WHAT YOU ARE ASKED TO DO -> Only an exact copy of the lines beginning at the one that contains "using chi2_0 by (auto" and ending at the last line of the records below counts as the answer.

DATA FOR PROCESSING ->
(* Let u(t) be the next inspection after t.  Along the u(t) - t steps from t to u(t) the two
   hypotheses are pushed through the same kernels, so strong data processing shrinks their
   chi^2-divergence from Delta^2 to c <= eta^(u(t) - t) Delta^2.  A test on n samples of
   Y_u(t) = g(Z_u(t)) is also a test on n samples of Z_u(t), and chi^2 tensorises:
   1 + chi^2(P^n || Q^n) = (1 + c)^n.  The density bound 4 (Q B - P B)^2 <= chi^2(P || Q)
   therefore gives 4 (1 - eps)^2 <= (1 + c)^n - 1, hence (1 - eps)^2 <= n c, i.e. each gap
   u(t) - t is at most H_crit.  The m + 1 gaps of the schedule cover {0..H}, so
   H <= (m + 1) H_crit. *)

lemma chi2_RN_deriv_moments:
  assumes P: "prob_space P" and Q: "prob_space Q" and sets_eq: "sets P = sets Q"
    and fin: "chi2 P Q < \<infinity>"
  defines "f \<equiv> \<lambda>x. enn2real (RN_deriv Q P x)"
  shows "P = density Q (\<lambda>x. ennreal (f x))"
    and "(\<integral>\<^sup>+x. ennreal ((f x)\<^sup>2) \<partial>Q) = 1 + chi2 P Q"
proof -
  interpret Q: prob_space Q by fact
  interpret P: prob_space P by fact
  have ac: "absolutely_continuous Q P"
    using fin by (auto simp: chi2_def split: if_splits)
  have f_meas [measurable]: "f \<in> borel_measurable Q"
    unfolding f_def by measurable
  have "AE x in Q. RN_deriv Q P x \<noteq> \<infinity>"
    by (rule Q.RN_deriv_finite[OF _ ac sets_eq]) (simp add: P.sigma_finite_measure_axioms)
  then have "density Q (\<lambda>x. ennreal (f x)) = density Q (RN_deriv Q P)"
    by (intro density_cong) (auto simp: f_def less_top)
  then show density_eq: "P = density Q (\<lambda>x. ennreal (f x))"
    using Q.density_RN_deriv[OF ac sets_eq] by simp
  have "(\<integral>\<^sup>+x. ennreal (f x) \<partial>Q) = emeasure (density Q (\<lambda>x. ennreal (f x))) (space Q)"
    by (subst emeasure_density) (auto intro!: nn_integral_cong)
  also have "\<dots> = 1"
    using density_eq P.emeasure_space_1 sets_eq_imp_space_eq[OF sets_eq] by simp
  finally have int_f: "(\<integral>\<^sup>+x. ennreal (f x) \<partial>Q) = 1" .
  have chi2_eq: "chi2 P Q = (\<integral>\<^sup>+x. ennreal ((f x - 1)\<^sup>2) \<partial>Q)"
    using ac by (simp add: chi2_def f_def)
  have "(\<integral>\<^sup>+x. ennreal ((f x)\<^sup>2) \<partial>Q) + 1 = (\<integral>\<^sup>+x. ennreal ((f x)\<^sup>2) + 1 \<partial>Q)"
    by (subst nn_integral_add) (auto simp: Q.emeasure_space_1)
  also have "\<dots> = (\<integral>\<^sup>+x. ennreal ((f x - 1)\<^sup>2) + 2 * ennreal (f x) \<partial>Q)"
  proof (rule nn_integral_cong)
    fix x
    have "ennreal ((f x)\<^sup>2) + 1 = ennreal ((f x)\<^sup>2 + 1)"
      by (simp add: ennreal_plus)
    also have "(f x)\<^sup>2 + 1 = (f x - 1)\<^sup>2 + 2 * f x"
      by (simp add: power2_eq_square algebra_simps)
    also have "ennreal \<dots> = ennreal ((f x - 1)\<^sup>2) + 2 * ennreal (f x)"
      by (simp add: f_def ennreal_plus ennreal_mult)
    finally show "ennreal ((f x)\<^sup>2) + 1 = ennreal ((f x - 1)\<^sup>2) + 2 * ennreal (f x)" .
  qed
  also have "\<dots> = chi2 P Q + 2 * 1"
    by (subst nn_integral_add) (auto simp: nn_integral_cmult chi2_eq int_f)
  finally show "(\<integral>\<^sup>+x. ennreal ((f x)\<^sup>2) \<partial>Q) = 1 + chi2 P Q"
    by (simp add: add.commute add.left_commute ennreal_add_left_cancel flip: one_add_one)
qed

lemma chi2_same:
  assumes "prob_space P"
  shows "chi2 P P = 0"
proof -
  interpret P: prob_space P by fact
  have "AE x in P. 1 = RN_deriv P P x"
    by (rule P.RN_deriv_unique) (auto simp: density_1)
  then have "AE x in P. ennreal ((enn2real (RN_deriv P P x) - 1)\<^sup>2) = 0"
    by (auto elim!: AE_mp)
  then show ?thesis
    by (simp add: chi2_def absolutely_continuous_def nn_integral_0_iff_AE)
qed

lemma chi2_eq_0_imp_eq:
  assumes P: "prob_space P" and Q: "prob_space Q" and sets_eq: "sets P = sets Q"
    and chi2_0: "chi2 P Q = 0"
  shows "P = Q"
proof -
  define f where "f = (\<lambda>x. enn2real (RN_deriv Q P x))"
  have f_meas [measurable]: "f \<in> borel_measurable Q"
    unfolding f_def by measurable
  have ac: "absolutely_continuous Q P"
    using chi2_0 by (auto simp: chi2_def split: if_splits)
  then have "(\<integral>\<^sup>+x. ennreal ((f x - 1)\<^sup>2) \<partial>Q) = 0"
    using chi2_0 by (simp add: chi2_def f_def)
  then have "AE x in Q. ennreal ((f x - 1)\<^sup>2) = 0"
    by (subst (asm) nn_integral_0_iff_AE) auto
  then have "AE x in Q. ennreal (f x) = 1"
    by (auto elim!: AE_mp)
  then have "density Q (\<lambda>x. ennreal (f x)) = density Q (\<lambda>_. 1)"
    by (intro density_cong) (auto elim!: AE_mp)
  then show ?thesis
    using chi2_RN_deriv_moments(1)[OF P Q sets_eq] chi2_0 by (simp add: density_1 f_def)
qed

lemma bind_in_space_prob_algebra:
  assumes "P \<in> space (prob_algebra M)" and "K \<in> M \<rightarrow>\<^sub>M prob_algebra M"
  shows "P \<bind> K \<in> space (prob_algebra M)"
  using assms by (auto simp: space_prob_algebra prob_space_bind' sets_bind')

WRITTEN SOLUTION ->
    using chi2_0 by (auto simp: chi2_def split: if_splits)
  then have "(\<integral>\<^sup>+x. ennreal ((f x - 1)\<^sup>2) \<partial>Q) = 0"
    using chi2_0 by (simp add: chi2_def f_def)
  then have "AE x in Q. ennreal ((f x - 1)\<^sup>2) = 0"
    by (subst (asm) nn_integral_0_iff_AE) auto
  then have "AE x in Q. ennreal (f x) = 1"
    by (auto elim!: AE_mp)
  then have "density Q (\<lambda>x. ennreal (f x)) = density Q (\<lambda>_. 1)"
    by (intro density_cong) (auto elim!: AE_mp)
  then show ?thesis
    using chi2_RN_deriv_moments(1)[OF P Q sets_eq] chi2_0 by (simp add: density_1 f_def)
qed

lemma bind_in_space_prob_algebra:
  assumes "P \<in> space (prob_algebra M)" and "K \<in> M \<rightarrow>\<^sub>M prob_algebra M"
  shows "P \<bind> K \<in> space (prob_algebra M)"
  using assms by (auto simp: space_prob_algebra prob_space_bind' sets_bind')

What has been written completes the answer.